Westerners have seen the effects of this play out before our eyes for years — in wildfires that have grown exponentially in scope and severity, in dwindling water supplies, in ever-increasing heat and ever-lengthening heat spells, etc.

Meanwhile, a combination of population growth and dwindling inflow of water into the Colorado River is putting the water supply for tens of millions of residents in the Southwest at increasing risk.

The situation is not sustainable on our current path. Western states must ratchet up their water conservation efforts and work together to more equitably share the decreasing water supply. We need far more innovative partnerships like the one between the Southern Nevada Water Authority and its counterpart in Los Angeles, where the SNWA is contributing funding for a treatment system that will allow L.A. to recycle its wastewater like we do here.

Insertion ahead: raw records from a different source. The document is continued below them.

text \<open>The derivative is read off from differentiating \<open>A ** matrix_inv A = mat 1\<close>.\<close>

lemma DERIV_matrix_inv:
  fixes A :: "real \<Rightarrow> real^'n::finite^'n" and A' :: "real^'n^'n"
  assumes dA: "\<And>i j. ((\<lambda>t. A t $ i $ j) has_real_derivative A' $ i $ j) (at t0)"
    and inv: "invertible (A t0)"
  shows "((\<lambda>t. matrix_inv (A t) $ i $ j) has_real_derivative
            (- (matrix_inv (A t0) ** A' ** matrix_inv (A t0))) $ i $ j) (at t0)"
proof -
  define B0 where "B0 = matrix_inv (A t0)"
  have dAd: "\<And>i j. (\<lambda>t. A t $ i $ j) differentiable (at t0)"
    using dA real_differentiable_def by blast
  obtain D where D: "\<And>i j. DERIV (\<lambda>t. matrix_inv (A t) $ i $ j) t0 :> D i j"
    using matrix_inv_differentiable[OF dAd inv] unfolding real_differentiable_def by metis
  define Dm where "Dm = (\<chi> i j. D i j)"
  have "(A' ** B0 + A t0 ** Dm) $ i $ j = 0" for i j
  proof -
    have "DERIV (\<lambda>t. \<Sum>k\<in>UNIV. A t $ i $ k * matrix_inv (A t) $ k $ j) t0 :>
        (\<Sum>k\<in>UNIV. A' $ i $ k * matrix_inv (A t0) $ k $ j + D k j * A t0 $ i $ k)"
      by (intro DERIV_sum DERIV_mult dA D)
    moreover have "eventually (\<lambda>t. (\<Sum>k\<in>UNIV. A t $ i $ k * matrix_inv (A t) $ k $ j) = mat 1 $ i $ j) (nhds t0)"
      using eventually_invertible[OF dAd inv]
    proof eventually_elim
      case (elim t)
      have "(A t ** matrix_inv (A t)) $ i $ j = mat 1 $ i $ j" using matrix_inv_mult[OF elim] by simp
      then show ?case by (simp add: matrix_matrix_mult_def)
    qed
    then have "DERIV (\<lambda>t. \<Sum>k\<in>UNIV. A t $ i $ k * matrix_inv (A t) $ k $ j) t0 :> 0"
      using DERIV_cong_ev[of t0 t0 _ "\<lambda>t. mat 1 $ i $ j" 0 0] by simp
    ultimately have "(\<Sum>k\<in>UNIV. A' $ i $ k * matrix_inv (A t0) $ k $ j + D k j * A t0 $ i $ k) = 0"
      using DERIV_unique by blast
    then show ?thesis by (simp add: matrix_matrix_mult_def Dm_def B0_def sum.distrib mult.commute)
  qed
  then have "A' ** B0 + A t0 ** Dm = 0" by (simp add: vec_eq_iff)
  then have "B0 ** (A' ** B0 + A t0 ** Dm) = 0" by simp
  then have "B0 ** A' ** B0 + Dm = 0"
    by (simp add: matrix_add_ldistrib matrix_mul_assoc matrix_inv_mult[OF inv] B0_def)
  then have "Dm = - (B0 ** A' ** B0)" by (simp add: eq_neg_iff_add_eq_0 add.commute)
  then have "Dm $ i $ j = (- (B0 ** A' ** B0)) $ i $ j" by simp
  then have "D i j = (- (B0 ** A' ** B0)) $ i $ j" by (simp add: Dm_def)
  then show ?thesis using D[of i j] unfolding B0_def by simp
qed

definition has_pd :: "'n::finite \<Rightarrow> (real^'n \<Rightarrow> real) \<Rightarrow> real \<Rightarrow> real^'n \<Rightarrow> bool" where
  "has_pd i f D x \<longleftrightarrow> ((\<lambda>t. f (x + t *\<^sub>R axis i 1)) has_real_derivative D) (at 0)"

lemma DERIV_along_line:
  fixes f :: "real^'n::finite \<Rightarrow> real"
  assumes "f differentiable (at (x + s *\<^sub>R v))"
  shows "((\<lambda>t. f (x + t *\<^sub>R v)) has_real_derivative frechet_derivative f (at (x + s *\<^sub>R v)) v) (at s)"
proof -
  let ?f' = "frechet_derivative f (at (x + s *\<^sub>R v))"
  have df: "(f has_derivative ?f') (at (x + s *\<^sub>R v))" using assms frechet_derivative_works by blast
  have "((\<lambda>t. x + t *\<^sub>R v) has_derivative (\<lambda>t. t *\<^sub>R v)) (at s)"
    by (auto intro!: derivative_eq_intros)
  from has_derivative_compose[OF this df]
  have "((\<lambda>t. f (x + t *\<^sub>R v)) has_derivative (\<lambda>t. ?f' (t *\<^sub>R v))) (at s)" .
  moreover have "(\<lambda>t. ?f' (t *\<^sub>R v)) = (*) (?f' v)"
    using has_derivative_linear[OF df] by (auto simp: linear_scale mult.commute)
  ultimately show ?thesis unfolding has_field_derivative_def by simp
qed

lemma DERIV_along_axis:
  fixes f :: "real^'n::finite \<Rightarrow> real"
  assumes "f differentiable (at (x + s *\<^sub>R axis i 1))"
  shows "((\<lambda>t. f (x + t *\<^sub>R axis i 1)) has_real_derivative pd i f (x + s *\<^sub>R axis i 1)) (at s)"
proof -
  have "pd i f (x + s *\<^sub>R axis i 1) = frechet_derivative f (at (x + s *\<^sub>R axis i 1)) (axis i 1)"
    using DERIV_along_line[of f "x + s *\<^sub>R axis i 1" 0 "axis i 1"] assms
    unfolding pd_def by (simp add: DERIV_imp_deriv)
  then show ?thesis using DERIV_along_line[OF assms] by simp
qed

lemma has_pd_imp_pd: "has_pd i f D x \<Longrightarrow> pd i f x = D"
  unfolding has_pd_def pd_def by (rule DERIV_imp_deriv)

lemma has_pd_pd: "f differentiable (at x) \<Longrightarrow> has_pd i f (pd i f x) x"
  unfolding has_pd_def using DERIV_along_axis[of f x 0 i] by simp

lemma has_pd_const: "has_pd i (\<lambda>y. c) 0 x"
  unfolding has_pd_def by simp

lemma has_pd_add: "has_pd i f D x \<Longrightarrow> has_pd i g E x \<Longrightarrow> has_pd i (\<lambda>y. f y + g y) (D + E) x"
  unfolding has_pd_def by (rule DERIV_add)

lemma has_pd_diff: "has_pd i f D x \<Longrightarrow> has_pd i g E x \<Longrightarrow> has_pd i (\<lambda>y. f y - g y) (D - E) x"
  unfolding has_pd_def by (rule DERIV_diff)

lemma has_pd_minus: "has_pd i f D x \<Longrightarrow> has_pd i (\<lambda>y. - f y) (- D) x"
  unfolding has_pd_def by (rule DERIV_minus)

lemma has_pd_mult:
  "has_pd i f D x \<Longrightarrow> has_pd i g E x \<Longrightarrow> has_pd i (\<lambda>y. f y * g y) (D * g x + E * f x) x"
  unfolding has_pd_def by (drule (1) DERIV_mult) simp

lemma has_pd_cmult: "has_pd i f D x \<Longrightarrow> has_pd i (\<lambda>y. c * f y) (c * D) x"
  unfolding has_pd_def by (rule DERIV_cmult)

lemma has_pd_sum:
  "(\<And>a. a \<in> S \<Longrightarrow> has_pd i (f a) (D a) x) \<Longrightarrow> has_pd i (\<lambda>y. \<Sum>a\<in>S. f a y) (\<Sum>a\<in>S. D a) x"
  unfolding has_pd_def by (rule DERIV_sum)

lemmas has_pd_intros = has_pd_sum has_pd_mult has_pd_add has_pd_diff has_pd_minus has_pd_const

lemma has_pd_eq: "has_pd i f D x \<Longrightarrow> D = E \<Longrightarrow> has_pd i f E x"
  by simp

lemma eventually_line_in_open:
  fixes x v :: "real^'n::finite"
  assumes "open U" "x \<in> U"
  shows "eventually (\<lambda>t. x + t *\<^sub>R v \<in> U) (nhds (0::real))"
proof -
  have "((\<lambda>t. x + t *\<^sub>R v) \<longlongrightarrow> x) (at (0::real))"
    by (auto intro!: tendsto_eq_intros)
  then have "eventually (\<lambda>t. x + t *\<^sub>R v \<in> U) (at (0::real))"
    using assms topological_tendstoD by blast
  then show ?thesis unfolding eventually_nhds_conv_at using assms by simp
qed

lemma eventually_eq_on_line:
  fixes f f' :: "real^'n::finite \<Rightarrow> real"
  assumes "open U" "x \<in> U" "\<And>y. y \<in> U \<Longrightarrow> f y = f' y"
  shows "eventually (\<lambda>t. f (x + t *\<^sub>R v) = f' (x + t *\<^sub>R v)) (nhds (0::real))"
  using eventually_line_in_open[OF assms(1,2), of v] by eventually_elim (simp add: assms(3))

lemma pd_cong_open:
  fixes f f' :: "real^'n::finite \<Rightarrow> real"
  assumes "open U" "x \<in> U" "\<And>y. y \<in> U \<Longrightarrow> f y = f' y"
  shows "pd i f x = pd i f' x"
proof -
  have "eventually (\<lambda>t. f (x + t *\<^sub>R axis i 1) = f' (x + t *\<^sub>R axis i 1)) (nhds 0)"
    by (rule eventually_eq_on_line) (use assms in auto)
  then show ?thesis unfolding pd_def by (rule deriv_cong_ev) simp
qed

lemma has_pd_cong_open:
  assumes "open U" "x \<in> U" "\<And>y. y \<in> U \<Longrightarrow> f y = f' y" and "has_pd i f' D x"
  shows "has_pd i f D x"
proof -
  have "eventually (\<lambda>t. f (x + t *\<^sub>R axis i 1) = f' (x + t *\<^sub>R axis i 1)) (nhds 0)"
    by (rule eventually_eq_on_line) (use assms in auto)
  then show ?thesis
    using assms(4) unfolding has_pd_def by (subst DERIV_cong_ev[OF refl _ refl])
qed

lemma has_pd_ginv:
  fixes G :: "'n::finite metric"
  assumes "\<And>r c. has_pd i (\<lambda>y. G y r c) (D $ r $ c) x" and "invertible (\<chi> r c. G x r c)"
  shows "has_pd i (\<lambda>y. ginv G y l m)
     ((- (matrix_inv (\<chi> r c. G x r c) ** D ** matrix_inv (\<chi> r c. G x r c))) $ l $ m) x"
proof -
  let ?A = "\<lambda>t. (\<chi> r c. G (x + t *\<^sub>R axis i 1) r c)"
  have "((\<lambda>t. matrix_inv (?A t) $ l $ m) has_real_derivative
      (- (matrix_inv (?A 0) ** D ** matrix_inv (?A 0))) $ l $ m) (at 0)"
    by (rule DERIV_matrix_inv) (use assms in \<open>auto simp: has_pd_def\<close>)
  then show ?thesis unfolding has_pd_def ginv_def by simp
qed

section \<open>Symmetry of second partial derivatives\<close>

lemma second_difference_mvt:
  fixes f :: "real^'n::finite \<Rightarrow> real"
  assumes B: "ball x r \<subseteq> U"
    and df: "\<And>y. y \<in> U \<Longrightarrow> f differentiable (at y)"
    and dfi: "\<And>y. y \<in> U \<Longrightarrow> pd i f differentiable (at y)"
    and t: "0 < t" "2 * t < r"
  shows "\<exists>y. dist y x < 2 * t \<and>
     f (x + t *\<^sub>R axis i 1 + t *\<^sub>R axis j 1) - f (x + t *\<^sub>R axis i 1) - f (x + t *\<^sub>R axis j 1) + f x
       = t^2 * pd j (pd i f) y"
proof -
  let ?ei = "axis i 1 :: real^'n" and ?ej = "axis j 1 :: real^'n"
  have small: "norm (a *\<^sub>R ?ei + b *\<^sub>R ?ej) \<le> \<bar>a\<bar> + \<bar>b\<bar>" for a b
    using norm_triangle_ineq[of "a *\<^sub>R ?ei" "b *\<^sub>R ?ej"] by simp
  have inU: "x + a *\<^sub>R ?ei + b *\<^sub>R ?ej \<in> U" if "0 \<le> a" "a \<le> t" "0 \<le> b" "b \<le> t" for a b
  proof -
    have "norm (a *\<^sub>R ?ei + b *\<^sub>R ?ej) < r" using small[of a b] that t by simp
    then have "dist (x + a *\<^sub>R ?ei + b *\<^sub>R ?ej) x < r" by (simp add: dist_norm add.assoc)
    then show ?thesis using B by (auto simp: dist_commute)
  qed
  define \<phi> where "\<phi> s = f ((x + t *\<^sub>R ?ej) + s *\<^sub>R ?ei) - f (x + s *\<^sub>R ?ei)" for s
  have "DERIV \<phi> s :> pd i f ((x + t *\<^sub>R ?ej) + s *\<^sub>R ?ei) - pd i f (x + s *\<^sub>R ?ei)"
    if "0 \<le> s" "s \<le> t" for s
  proof -
    have "(x + t *\<^sub>R ?ej) + s *\<^sub>R ?ei \<in> U" "x + s *\<^sub>R ?ei \<in> U"
      using inU[of s t] inU[of s 0] that t by (simp_all add: algebra_simps)
    then show ?thesis unfolding \<phi>_def by (intro DERIV_diff DERIV_along_axis df)
  qed
  from MVT2[OF t(1) this] obtain \<xi> where xi: "0 < \<xi>" "\<xi> < t"
    "\<phi> t - \<phi> 0 = (t - 0) * (pd i f ((x + t *\<^sub>R ?ej) + \<xi> *\<^sub>R ?ei) - pd i f (x + \<xi> *\<^sub>R ?ei))"
    by blast
  define \<psi> where "\<psi> u = pd i f ((x + \<xi> *\<^sub>R ?ei) + u *\<^sub>R ?ej)" for u
  have "DERIV \<psi> u :> pd j (pd i f) ((x + \<xi> *\<^sub>R ?ei) + u *\<^sub>R ?ej)" if "0 \<le> u" "u \<le> t" for u
  proof -
    have "(x + \<xi> *\<^sub>R ?ei) + u *\<^sub>R ?ej \<in> U" using inU[of \<xi> u] that xi by simp
    then show ?thesis unfolding \<psi>_def by (intro DERIV_along_axis dfi)
  qed
  from MVT2[OF t(1) this] obtain \<eta> where eta: "0 < \<eta>" "\<eta> < t"
    "\<psi> t - \<psi> 0 = (t - 0) * pd j (pd i f) ((x + \<xi> *\<^sub>R ?ei) + \<eta> *\<^sub>R ?ej)"
    by blast
  let ?y = "(x + \<xi> *\<^sub>R ?ei) + \<eta> *\<^sub>R ?ej"
  have "norm (\<xi> *\<^sub>R ?ei + \<eta> *\<^sub>R ?ej) < 2 * t" using small[of \<xi> \<eta>] xi eta by simp
  then have dy: "dist ?y x < 2 * t" by (simp add: dist_norm add.assoc)
  have e1: "(x + t *\<^sub>R ?ej) + \<xi> *\<^sub>R ?ei = (x + \<xi> *\<^sub>R ?ei) + t *\<^sub>R ?ej" by (simp add: algebra_simps)
  have "f (x + t *\<^sub>R ?ei + t *\<^sub>R ?ej) - f (x + t *\<^sub>R ?ei) - f (x + t *\<^sub>R ?ej) + f x = \<phi> t - \<phi> 0"
    unfolding \<phi>_def by (simp add: algebra_simps)
  also have "\<dots> = t * (\<psi> t - \<psi> 0)" using xi(3) unfolding \<psi>_def e1 by simp
  also have "\<dots> = t^2 * pd j (pd i f) ?y" using eta(3) by (simp add: power2_eq_square)
  finally show ?thesis using dy by blast
qed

The new system will help protect Las Vegas’ water supply by allowing Los Angeles to reduce its draw on the Colorado.

On a broader scale, the West needs the Biden administration to establish a presidential commission on water issues, which would examine the situation from all angles. Creating this federal-level panel would allow for a comprehensive review of distribution policies, various covenants and water use projections toward boosting conservation, reducing the draw on water supplies and aiding communities in recapturing, purifying and reusing water.

Equally critical are policies to reduce the greenhouse-gas emissions that are fueling climate change. More progress must be made in developing renewable energy sources, facilitating greater use of electric vehicles, improving energy efficiency of homes and buildings, and so forth.

Nevada has made significant strides in climate and water policy in recent years — including by establishing statewide targets for increased generation of renewable energy and increased use of electric vehicles, adopting a first-in-the-nation ban on strictly ornamental turf on non-residential properties to reduce our water usage, and much more.

In Southern Nevada, we’ve also elected national leaders who recognize the need for action on a federal and international level on climate change.

But so much climate damage has been done already, we have much more work to do to repair it. As the drought study showed, we’ve dug ourselves a hole of historic depth.